After my last post here revealed and educated me about SQL Injection issues I have been trying to convert my old style code to ado.net and I can't seem to get this right! I'm sure there are tons of errors in this sample (SO NO LAUGHING! - LOL)

Please help...

----------- code sample ----------
<%@ Language=VBScript %>
<%

'here we are getting the info from the login form, scan off apostrophes to prevent sql injection
If InStr(Request.Form("uid"),"'") Then
uid = Replace(Request.Form("uid"),"'"," ")
Else
uid = Request.Form("uid")
End If
If InStr(Request.Form("pwd"),"'") Then
pwd = Replace(Request.Form("pwd"),"'"," ")
Else
pwd = Request.Form("pwd")
End If

' The Query string with replaceable parameters
string strSQL = "Select * From @table Where id = @userid AND pass = @pwd"

' Set the table name we'll work with
string dataTableName = "admins"

' Create a connect string - this one MAY work!
string connectionString = "DSN=ws-admin.data"

'I know I need these but not sure how to cast them
'objConn = Server.CreateObject("ADODB.Connection")
'objConn.Open(connectionString)

' Create a connection to the database
' Confuses me because of the above statements
SqlConnection mySqlConnection = new SqlConnection(connectString)

' Create a command object, set the command string
SqlCommand mySqlCommand = mySqlConnection.CreateCommand()
mySqlCmd.CommandText = strSQL
mySqlCmd.CommandType = CommandType.Text;

' Set the parameter types
mySqlCmd.Parameters.Add("@table", SqlDbType.nChar, 20)
mySqlCmd.Parameters.Add("@userid", SqlDbType.nChar, 20)
mySqlCmd.Parameters.Add("@pwd", SqlDbType.Int)
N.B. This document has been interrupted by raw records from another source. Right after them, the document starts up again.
lemma int_card_sieve:
  assumes I: "finite I" and A: "finite A"
  shows "int (card {x \<in> A. \<forall>i\<in>I. \<not> P i x})
    = (\<Sum>B\<in>Pow I. (-1) ^ card B * int (card {x \<in> A. \<forall>i\<in>B. P i x}))"
proof -
  define f where "f X = int (card (A \<inter> X))" for X
  define G where "G i = {x. P i x}" for i
  have "f (X \<union> Y) = f X + f Y" if "disjnt X Y" for X Y
    using that A by (simp add: f_def Int_Un_distrib card_Un_disjnt disjnt_def inf_assoc inf_left_commute)
  then have incl_excl: "f (\<Union>(G ` I)) = (\<Sum>B | B \<subseteq> I \<and> B \<noteq> {}. (-1) ^ (card B + 1) * f (\<Inter>(G ` B)))"
    using I by (rule Incl_Excl_UN)
  have card_eq: "int (card {x \<in> A. \<forall>i\<in>B. P i x}) = f (\<Inter>(G ` B))" for B
    unfolding f_def G_def by (rule arg_cong[where f = "\<lambda>X. int (card X)"]) auto
  have "int (card {x \<in> A. \<forall>i\<in>I. \<not> P i x}) = int (card A) - f (\<Union>(G ` I))"
  proof -
    have "{x \<in> A. \<forall>i\<in>I. \<not> P i x} = A - A \<inter> \<Union>(G ` I)"
      by (auto simp: G_def)
    then show ?thesis
      using A by (simp add: f_def card_Diff_subset of_nat_diff card_mono)
  qed
  also have "\<dots> = f (\<Inter>(G ` {})) + (\<Sum>B | B \<subseteq> I \<and> B \<noteq> {}. (-1) ^ card B * f (\<Inter>(G ` B)))"
  proof -
    have "- f (\<Union>(G ` I)) = (\<Sum>B | B \<subseteq> I \<and> B \<noteq> {}. (-1) ^ card B * f (\<Inter>(G ` B)))"
      unfolding incl_excl by (simp flip: sum_negf)
    then show ?thesis by (simp add: f_def)
  qed
  also have "\<dots> = (\<Sum>B\<in>Pow I. (-1) ^ card B * f (\<Inter>(G ` B)))"
  proof -
    have "Pow I = insert {} {B. B \<subseteq> I \<and> B \<noteq> {}}" by auto
    then show ?thesis using I by simp
  qed
  finally show ?thesis
    by (simp add: card_eq)
qed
' Replace the parameters with values
mySqlCmd.Parameters.Add("@table", "admin");
mySqlCmd.Parameters.Add("@userid", uid);
mySqlCmd.Parameters.Add("@pwd", pwd);

' Create the Data Adapter, set the command
SqlDataAdapter mySqlDataAdapter = new SqlDataAdapter()
mySqlDataAdapter.SelectCommand = mySqlCmd

' Create a dataset object to hold the results
DataSet myDataSet = new DataSet()

' Open the connection
mySqlConnection.Open()

' Get the query results into our local table
MySqlDataAdapter.Fill(myDataSet, dataTableName)
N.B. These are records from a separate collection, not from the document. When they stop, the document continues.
lemma (in comm_group) faithful_diagonal_SL3_nontrivial_cyclic_factor:
  assumes emb: "faithful_diagonal_SL3 G \<chi>1 \<chi>2 \<chi>3"
    and g1: "g1 \<in> carrier G" and g2: "g2 \<in> carrier G"
    and disjoint: "generate G {g1} \<inter> generate G {g2} = {\<one>}"
    and span: "generate G {g1} <#> generate G {g2} = carrier G"
    and ord_dvd: "ord g1 dvd ord g2"
    and nontrivial: "\<forall>\<chi>\<in>{\<chi>1, \<chi>2, \<chi>3}. \<not> trivial_on \<chi> (carrier G)"
    and not_exponent_2: "g1 [^] (2::nat) \<noteq> \<one> \<or> g2 [^] (2::nat) \<noteq> \<one>"
  shows "\<exists>H K. subgroup H G \<and> subgroup K G \<and> H \<inter> K = {\<one>} \<and> H <#> K = carrier G
    \<and> cyclic_group (subgroup_generated G H) \<and> (\<forall>\<chi>\<in>{\<chi>1, \<chi>2, \<chi>3}. \<not> trivial_on \<chi> H)"
proof -
  have factor: ?thesis
    if h: "h \<in> carrier G" and "\<forall>\<chi>\<in>{\<chi>1, \<chi>2, \<chi>3}. \<chi> h \<noteq> 1"
      and "subgroup K G" "generate G {h} \<inter> K = {\<one>}" "generate G {h} <#> K = carrier G" for h K
  proof -
    have "\<forall>\<chi>\<in>{\<chi>1, \<chi>2, \<chi>3}. \<not> trivial_on \<chi> (generate G {h})"
      using that(2) generate.incl[of h "{h}" G] by (auto simp: trivial_on_def)
    then show ?thesis
      using that h generate_is_subgroup[of "{h}"] cyclic_group_generate[OF h] by blast
  qed
  from faithful_diagonal_SL3_generator_off_kernels[OF emb g1 g2 span nontrivial not_exponent_2]
  show ?thesis
  proof
    assume "\<forall>\<chi>\<in>{\<chi>1, \<chi>2, \<chi>3}. \<chi> g1 \<noteq> 1"
    then show ?thesis
      using factor[OF g1 _ generate_is_subgroup disjoint span] g2 by simp
  next
    assume "\<exists>a::nat. \<forall>\<chi>\<in>{\<chi>1, \<chi>2, \<chi>3}. \<chi> (g1 [^] a \<otimes> g2) \<noteq> 1"
    then obtain a :: nat where "\<forall>\<chi>\<in>{\<chi>1, \<chi>2, \<chi>3}. \<chi> (g1 [^] int a \<otimes> g2) \<noteq> 1"
      using g1 by (auto simp: int_pow_int)
    then show ?thesis
      using factor[OF _ _ generate_is_subgroup generate_twisted_complement[OF g1 g2 disjoint span ord_dvd]]
        g1 g2 by simp
  qed
qed

theorem lemma3p6:
  fixes G :: "('g, 'b) monoid_scheme"
    and \<chi>1 \<chi>2 \<chi>3 :: "'g \<Rightarrow> 'k::field_char_0"
    and m l :: nat
  assumes "alg_closed_type TYPE('k)"
    and "comm_group G"
    and "m > 0" and "l > 0"
    and "G \<cong> DirProd (integer_mod_group m) (integer_mod_group (l * m))"
    and "character G \<chi>1" and "character G \<chi>2" and "character G \<chi>3"
    and faithful: "\<forall>g\<in>carrier G. \<chi>1 g = 1 \<and> \<chi>2 g = 1 \<and> \<chi>3 g = 1 \<longrightarrow> g = \<one>\<^bsub>G\<^esub>"
    and SL: "\<forall>g\<in>carrier G. \<chi>1 g * \<chi>2 g * \<chi>3 g = 1"
    and "\<not> trivial_on \<chi>1 (carrier G)" and "\<not> trivial_on \<chi>2 (carrier G)"
    and "\<not> trivial_on \<chi>3 (carrier G)"
    and "card (carrier G) > 4"
  shows "\<exists>H K. subgroup H G \<and> subgroup K G \<and> H \<inter> K = {\<one>\<^bsub>G\<^esub>}
           \<and> H <#>\<^bsub>G\<^esub> K = carrier G
           \<and> cyclic_group (subgroup_generated G H)
           \<and> \<not> trivial_on \<chi>1 H \<and> \<not> trivial_on \<chi>2 H \<and> \<not> trivial_on \<chi>3 H"
proof -
  interpret comm_group G by fact
  obtain g1 g2 where g1: "g1 \<in> carrier G" and g2: "g2 \<in> carrier G"
    and ord: "ord g1 = m" "ord g2 = l * m"
    and disjoint: "generate G {g1} \<inter> generate G {g2} = {\<one>\<^bsub>G\<^esub>}"
    and span: "generate G {g1} <#>\<^bsub>G\<^esub> generate G {g2} = carrier G"
    using iso_DirProd_integer_mod_group_generators[OF assms(5)] by blast
  have card: "card (carrier G) = m * (l * m)"
    using iso_same_card[OF assms(5)] assms(3,4)
    by (simp add: carrier_integer_mod_group card_cartesian_product flip: of_nat_mult)
  have not_exponent_2: "g1 [^]\<^bsub>G\<^esub> (2::nat) \<noteq> \<one>\<^bsub>G\<^esub> \<or> g2 [^]\<^bsub>G\<^esub> (2::nat) \<noteq> \<one>\<^bsub>G\<^esub>"
  proof (rule ccontr)
    assume "\<not> ?thesis"
    then have "m dvd 2" "l * m dvd 2"
      using pow_eq_id[OF g1] pow_eq_id[OF g2] ord by auto
    then have "m * (l * m) \<le> 2 * 2"
      by (intro mult_le_mono dvd_imp_le) auto
    then show False using card assms(14) by simp
  qed
  have emb: "faithful_diagonal_SL3 G \<chi>1 \<chi>2 \<chi>3"
    using assms(6-8) faithful SL by (simp add: faithful_diagonal_SL3_def)
  have "ord g1 dvd ord g2"
    using ord by simp
  from faithful_diagonal_SL3_nontrivial_cyclic_factor[OF emb g1 g2 disjoint span this _ not_exponent_2]
  show ?thesis
    using assms(11-13) by simp
qed

end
' See how many rows matched the admin_id and admin_pass
nFailed = myDataTable.Rows.Count

mySqlConnection.Close()

'if the user is found we will set the session okeydokey to TRUE allowing the user to gain entrance
If nFailed = 0 Then
'ooops if we got this far they dont know their login info or
'arent in the database so we send em back to try again
Response.Redirect "backtostart.asp"
Else
Session("admin") = True

'since the admin was found, we'll send them toodling on to the next page
Response.Redirect "whereadminsgo.asp"
End If

%>

--------- end code sample ---------

 

[jbenson001]

To avoid sql injection, create a stored procedure that uses parameters. I am not sure the way you are tying to do it will work.

 

[ppetree]

Can't do stored proceedures with access (access is all my isp supports) and this way will work I just haven't figured out how to make it work...

 

[jbenson001]

I'm sure you are right.. I've just never tried to do it this way since I use SQL Server .. I'll try and test and see if I can help at all

 

[ppetree]

There really aren't many differences between this way and a stored proceedure (atleast from what I could discern). Looks like all the connection stuff should be the same, building the string with the parameters is slightly different and not sure about getting the data back out.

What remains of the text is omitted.